Now part of the life of a company, leaders no longer ask themselves whether they will face a recession but rather how to prepare.
That it takes the form of a:
- Sectorial recession, when the activity depends on the evolution of interest rates, advanced technologies, etc.
- Global recession, which can be linked to unforeseeable events (health pandemics, smoke of a volcano) or probable events (wars, meteorology, etc.)
- Systemic crisis, where the previous market elements have become obsolete, normally caused by a major discovery and simultaneous implantation in terms of energy, infrastructure and communication
Here follows a list or as many tracks to not be surprised.
Have advanced indicators and forecasting and recession detection tools. Three types of indicators must be mobilized:
- Macro-economic: interest rate, exchange rate, price of materials
- Sectors: competitive intensity, demand evolution, health of the players, market evolution (strong growth, soft, decay)
- Company: order book, cost of components or materials
Realize an Activity Continuity Plan (ACP) via a stress test.
The viability of the business should be tested through downward simulations of the key elements of the business model (sales, cash flow, and costs).
Depending on the results, a ACP should be drafted that lists all concrete solutions to possible problems. For example, a 40% decrease in turnover can lead to an Employment Protection Plan (EPP), which must be prepared in advance.
Being diversified enough,do not put all your eggs in one basket.
The company must build product lines or cyclical activities to smooth the effects of a global, sectorial or company-specific recession.
Reduce its fixed cost structure, to “be the last to die”, through the following levers:
- Reduction of the fixed Wage Mass (WM) (1 to 3 year HR jobs to reduce it by 10 to 20%) and increase of the variable WM
- Supplier negotiation to move from a basic purchasing model to a subscription model adapted to the activity
Build a cash reserve, ideally one-year payroll.
The role of the CEO and the Financial Director is to maximise the available cash at any time via the payment of salaries and bonuses, customer collection, supplier negotiations, stock circulation, bank loans, etc.
Mobilize tax and social assistance in advance. The main helpers:
- Employment – In the case of certain types of hires or employees
- Research Tax Credit (RTC) – Financing R & D in the broad sense
- Public Investment Bank – Financing technological R & D
- Export Prospecting Insurance (i.e. COFACE) – Export
- FinancingEventual available state aids in case of major crises
Reinforce capitalization to increase the equity of the company.
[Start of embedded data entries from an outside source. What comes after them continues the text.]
(* Let $d\ge3$, $1\le k\le d$, $q>1$, $\alpha\ge0$, and $A=\{x\in\mathbb Z^d:x_1\ge1,\dots,x_k\ge1\}$. The problem $$-\Delta u(x)\ge|x|^{-\alpha}u(x)^q\ \ (x\in A),\qquad u=0\ \text{on }\partial A,$$ admits a solution $u$ with $u(x)>0$ for all $x\in A$ if and only if $\alpha+q(d+k-2)>d+k$.
   Context: $\mathbb Z^d$ carries unit weights on nearest-neighbour edges, so $\mu(x)=2d$ and $\Delta u(x)=\frac1{2d}\sum_{y:\|y-x\|_1=1}(u(y)-u(x))$. $\partial A=\{y\in\mathbb Z^d\setminus A:\ \|y-x\|_1=1\text{ for some }x\in A\}$. $|\cdot|$ is the Euclidean norm. *)

theory Defs
  imports Complex_Main
begin

text \<open>Points of Z^d are modelled as functions nat => int vanishing at indices >= d;
  coordinate x_{i+1} of the paper is x i here (i < d).\<close>

definition lattice :: "nat \<Rightarrow> (nat \<Rightarrow> int) set" where
  "lattice d = {x. \<forall>i\<ge>d. x i = 0}"

definition l1dist :: "nat \<Rightarrow> (nat \<Rightarrow> int) \<Rightarrow> (nat \<Rightarrow> int) \<Rightarrow> int" where
  "l1dist d x y = (\<Sum>i<d. \<bar>x i - y i\<bar>)"

definition enorm :: "nat \<Rightarrow> (nat \<Rightarrow> int) \<Rightarrow> real" where
  "enorm d x = sqrt (\<Sum>i<d. (real_of_int (x i))\<^sup>2)"

definition lap :: "nat \<Rightarrow> ((nat \<Rightarrow> int) \<Rightarrow> real) \<Rightarrow> (nat \<Rightarrow> int) \<Rightarrow> real" where
  "lap d u x = (1 / (2 * real d)) *
     (\<Sum>y\<in>{y\<in>lattice d. l1dist d x y = 1}. (u y - u x))"

definition boundary :: "nat \<Rightarrow> (nat \<Rightarrow> int) set \<Rightarrow> (nat \<Rightarrow> int) set" where
  "boundary d A = {y \<in> lattice d - A. \<exists>x\<in>A. l1dist d x y = 1}"
lemma dir_edges_lower_bound:
  assumes S: "S \<subseteq> cube_vertices n" "card S = 2 ^ (n - 1)" and i: "i < n"
    and deg: "\<forall>y\<in>S. card (cube_nbrs S y) \<le> d" and ne: "dir_edges S i \<noteq> {}"
  shows "2 powr (real n - 2 * real d) \<le> card (dir_edges S i)"
proof -
  define A B where "A = dir_edges S i" and "B = dir_edges (cube_vertices n - S) i"
  have cube: "A \<subseteq> cube_vertices n" "B \<subseteq> cube_vertices n"
    using S by (auto simp: A_def B_def dir_edges_def)
  then have fin: "finite A" "finite B"
    by (simp_all add: finite_subset[OF _ finite_cube_vertices])
  have card_AB: "card (A \<union> B) = 2 * card A"
    using fin card_dir_edges_compl[OF S(1) i] S(2)
    by (subst card_Un_disjoint) (auto simp: A_def B_def dir_edges_def)
  have pos: "0 < card A" using ne fin by (simp add: A_def card_gt_0_iff)
  have "(\<Sum>x\<in>A. n + 1) \<le> (\<Sum>x\<in>A. card (cube_nbrs B x) + 2 * d)"
    using card_cube_nbrs_dir_edges_compl[OF S(1) i deg] by (intro sum_mono) (simp add: A_def B_def)
  then have "card A * (n + 1) \<le> (\<Sum>x\<in>A. card (cube_nbrs B x)) + card A * (2 * d)"
    by (simp add: sum.distrib)
  moreover have "2 * (\<Sum>x\<in>A. card (cube_nbrs B x)) \<le> degree_sum (A \<union> B)"
    using fin by (intro degree_sum_Un_ge) (auto simp: A_def B_def dir_edges_def)
  ultimately have "2 * (card A * (n + 1)) \<le> degree_sum (A \<union> B) + 2 * (card A * (2 * d))"
    by linarith
  then have "real (2 * (card A * (n + 1))) \<le> real (degree_sum (A \<union> B) + 2 * (card A * (2 * d)))"
    by (rule of_nat_mono)
  moreover have "A \<union> B \<subseteq> {x. \<forall>j\<ge>n. x j = False}"
    using cube by (auto simp: cube_vertices_def)
  then have "real (degree_sum (A \<union> B)) \<le> real (2 * card A) * log 2 (real (2 * card A))"
    unfolding card_AB[symmetric] using fin by (intro degree_sum_le_card_log[where c="\<lambda>_. False"]) auto
  moreover have "log 2 (real (2 * card A)) = 1 + log 2 (card A)"
    using pos by (simp add: log_mult)
  moreover have "2 * real (card A) * (1 + log 2 (card A)) = 2 * real (card A) + 2 * (real (card A) * log 2 (card A))"
    "real (card A) * (real n - 2 * real d) = real (card A) * real n - 2 * (real (card A) * real d)"
    by (simp_all add: algebra_simps)
  ultimately have "real (card A) * (real n - 2 * real d) \<le> real (card A) * log 2 (card A)"
    by (simp add: algebra_simps)
  then have "real n - 2 * real d \<le> log 2 (card A)"
    using pos by (simp add: mult_le_cancel_left_pos)
  then have "2 powr (real n - 2 * real d) \<le> 2 powr log 2 (card A)"
    by simp
  also have "\<dots> = card A"
    using pos by simp
  finally show ?thesis by (simp add: A_def)
qed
Two main solutions:
- Put in reserve rather than distribute a dividend
- Increase capital through current shareholders or via new shareholders (employees, business angels, proximity investment funds (FIP), investment funds with national or international scope, industrial sector, etc.)
Stay close to your customers to create a glue effect
It is absolutely essential to create inseparable links with the customer:
- Business links (recurrent and indispensable services and products)
- Personal connections (know how to appreciate your customers – life is too short to work in bad relationships, or you better change your client!)
Create a pyramid effect with suppliers and distributors.
The goal is to share the suffering of the potential recession, so that it is supported in part by your supply and distribution chain.
The review of contracts (variability, threshold effects, and deadlines) is crucial.
Create recurring products and services to generate stable sales.
Ideally, the turnover should be made through a medium-term subscription plan. Consumer or B2B contracts must be written accordingly.
It is true that with products that generate steady turnover over a 5-year horizon, we can easily see the recession…
Being in two market positions rather than one.
In 2008, the restaurants with a menu at 50€ suffered while those who had a 25€ menu developed their turnover.
It is wise to build two product lines, one with a lower position than the other. You will in fact reduce the fall in demand and volumes (principles of communicating vessels).
If you are mid-range, have the reflex low cost, with a brand or a different company.
Have a strong governance to stand back when the recession is there Board of Directors, Management Committee, Steering Committee and a coach will be your flagship in the fog of a recession.
Analyse what your market-changing trend will demand from now on and adapt your products or service accordingly. If a common American proverb used to say “no parking, no business” before, now it certainly will become “no e-commerce, no business” in many industries and especially in the retail one.
Being a leader, are you ready to face this major challenge? Have you already asked your clients and spoken to the rest of stakeholders?